**TASK BRIEF:** Going through the data below, please show each line containing the string "lemma".

**DATA RECORDS:**
lemma norm_fcalc_diff_le:
  fixes P :: "'a::chilbert_space \<Rightarrow> 'a"
  assumes P: "positive_op P"
    and f: "continuous_on {0..onorm P} f" and g: "continuous_on {0..onorm P} g"
    and d: "\<And>t. t \<in> {0..onorm P} \<Longrightarrow> \<bar>f t - g t\<bar> \<le> \<delta>"
  shows "norm (fcalc f P x - fcalc g P x) \<le> \<delta> * norm x"
  using fcalc_lin[OF P f g, where a = 1 and b = "- 1" and x = x]
    norm_fcalc_le[OF P _ , of "\<lambda>t. 1 * f t + (- 1) * g t" \<delta> x] d
  by (simp add: continuous_intros f g)

lemma fcalc_cong:
  assumes "\<And>t. t \<in> {0..onorm P} \<Longrightarrow> f t = g t"
  shows "fcalc f P = fcalc g P"
proof -
  have "uniform_limit {0..onorm P} h f F \<longleftrightarrow> uniform_limit {0..onorm P} h g F"
    for h and F :: "nat filter"
    using assms by (simp add: uniform_limit_iff)
  then show ?thesis by (simp add: fcalc_def)
qed

lemma selfadjoint_fcalc:
  fixes P :: "'a::chilbert_space \<Rightarrow> 'a"
  assumes P: "positive_op P" and f: "continuous_on {0..onorm P} f"
  shows "selfadjoint (fcalc f P)"
  unfolding selfadjoint_def
proof (intro allI)
  fix x y
  have bc: "bounded_clinear P" and sa: "selfadjoint P" using P by (auto simp: positive_op_def)
  obtain p where lp: "\<And>z. (\<lambda>n. op_poly (p n) P z) \<longlonglongrightarrow> fcalc f P z"
    using fcalc_approximants[OF P f] by metis
  note cinner_tendsto =
    bounded_linear.tendsto[OF bounded_linear_cinner_left_comp[OF bounded_clinear_ident]]
  have "(\<lambda>n. cinner (op_poly (p n) P x) y) \<longlonglongrightarrow> cinner (fcalc f P x) y"
    by (rule cinner_tendsto[OF lp])
  moreover have "(\<lambda>n. cnj (cinner (op_poly (p n) P y) x)) \<longlonglongrightarrow> cnj (cinner (fcalc f P y) x)"
    by (intro tendsto_cnj cinner_tendsto[OF lp])
  moreover have "cnj (cinner (op_poly (p n) P y) x) = cinner (op_poly (p n) P x) y" for n
    using selfadjoint_op_poly[OF bc sa, of "p n"] cinner_commute[of x "op_poly (p n) P y"]
    by (simp add: selfadjoint_def)
  moreover have "cnj (cinner (fcalc f P y) x) = cinner x (fcalc f P y)"
    using cinner_commute[of x "fcalc f P y"] by simp
  ultimately show "cinner (fcalc f P x) y = cinner x (fcalc f P y)"
    using LIMSEQ_unique by auto
qed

**RESPONSE TO THIS TASK:**
lemma norm_fcalc_diff_le:
lemma fcalc_cong:
lemma selfadjoint_fcalc:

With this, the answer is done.